text \<open>
  Given \<open>I0\<close>, a real map \<open>f\<close> is constant off a Lindelof set at the value
  \<open>sup {a. {f \<le> a} Lindelof}\<close>, because for \<open>a < b\<close> the sets \<open>{f \<le> a}\<close> and \<open>{f \<ge> b}\<close> are
  disjoint zero sets. Conversely, under \<open>EC(X,\<real>)\<close> a real function vanishing exactly on a
  non-Lindelof zero set vanishes off a Lindelof set; two such zero sets therefore meet in a
  non-Lindelof set.

  For a metric target, \<open>I0\<close> makes every \<open>r\<close>-separated subset of \<open>f(X)\<close> countable, since two
  disjoint uncountable halves would give disjoint non-Lindelof zero sets of the distance
  functions to them. Hence a maximal \<open>r\<close>-separated subset \<open>D\<close> of \<open>f(X)\<close> is countable; each
  \<open>x \<mapsto> d(f x, p)\<close> with \<open>p \<in> D\<close> is constant off a Lindelof set, and a point outside all these
  sets shows that \<open>f\<close> stays \<open>r\<close>-close to some \<open>p\<close> off a Lindelof set. Letting \<open>r = 1/(n+1)\<close>
  makes \<open>f\<close> constant off a Lindelof set.

  \<open>IC\<close> implies its intersection form: if closed non-Lindelof sets \<open>A\<close>, \<open>B\<close> had a Lindelof
  intersection, a countable part of a cover of \<open>A\<close> without countable subcover gives an open
  \<open>U \<supseteq> A \<inter> B\<close> with \<open>A - U\<close> non-Lindelof, similarly \<open>V\<close> for \<open>B\<close>, and \<open>A - U\<close>, \<open>B - V\<close>
  are disjoint. In normal spaces Urysohn's lemma puts disjoint closed sets inside disjoint
  zero sets.
\<close>

lemma Lindelof_subset_empty [simp]: "Lindelof_subset X {}"
  by (simp add: Lindelof_subset_def Lindelof_space_topspace_empty)

lemma Lindelof_subset_iff_cover:
  "Lindelof_subset X Z \<longleftrightarrow> Z \<subseteq> topspace X \<and>
     (\<forall>\<U>. (\<forall>U\<in>\<U>. openin X U) \<and> Z \<subseteq> \<Union>\<U> \<longrightarrow> (\<exists>\<V>. countable \<V> \<and> \<V> \<subseteq> \<U> \<and> Z \<subseteq> \<Union>\<V>))"
  by (auto simp: Lindelof_subset_def Lindelof_space_subtopology_subset)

-=-=-=-=-

Task instructions
The data should be written out again in full, exactly as it stands.

Answer to this exercise
text \<open>
  Given \<open>I0\<close>, a real map \<open>f\<close> is constant off a Lindelof set at the value
  \<open>sup {a. {f \<le> a} Lindelof}\<close>, because for \<open>a < b\<close> the sets \<open>{f \<le> a}\<close> and \<open>{f \<ge> b}\<close> are
  disjoint zero sets. Conversely, under \<open>EC(X,\<real>)\<close> a real function vanishing exactly on a
  non-Lindelof zero set vanishes off a Lindelof set; two such zero sets therefore meet in a
  non-Lindelof set.

  For a metric target, \<open>I0\<close> makes every \<open>r\<close>-separated subset of \<open>f(X)\<close> countable, since two
  disjoint uncountable halves would give disjoint non-Lindelof zero sets of the distance
  functions to them. Hence a maximal \<open>r\<close>-separated subset \<open>D\<close> of \<open>f(X)\<close> is countable; each
  \<open>x \<mapsto> d(f x, p)\<close> with \<open>p \<in> D\<close> is constant off a Lindelof set, and a point outside all these
  sets shows that \<open>f\<close> stays \<open>r\<close>-close to some \<open>p\<close> off a Lindelof set. Letting \<open>r = 1/(n+1)\<close>
  makes \<open>f\<close> constant off a Lindelof set.

  \<open>IC\<close> implies its intersection form: if closed non-Lindelof sets \<open>A\<close>, \<open>B\<close> had a Lindelof
  intersection, a countable part of a cover of \<open>A\<close> without countable subcover gives an open
  \<open>U \<supseteq> A \<inter> B\<close> with \<open>A - U\<close> non-Lindelof, similarly \<open>V\<close> for \<open>B\<close>, and \<open>A - U\<close>, \<open>B - V\<close>
  are disjoint. In normal spaces Urysohn's lemma puts disjoint closed sets inside disjoint
  zero sets.
\<close>

lemma Lindelof_subset_empty [simp]: "Lindelof_subset X {}"
  by (simp add: Lindelof_subset_def Lindelof_space_topspace_empty)

lemma Lindelof_subset_iff_cover:
  "Lindelof_subset X Z \<longleftrightarrow> Z \<subseteq> topspace X \<and>
     (\<forall>\<U>. (\<forall>U\<in>\<U>. openin X U) \<and> Z \<subseteq> \<Union>\<U> \<longrightarrow> (\<exists>\<V>. countable \<V> \<and> \<V> \<subseteq> \<U> \<and> Z \<subseteq> \<Union>\<V>))"
  by (auto simp: Lindelof_subset_def Lindelof_space_subtopology_subset)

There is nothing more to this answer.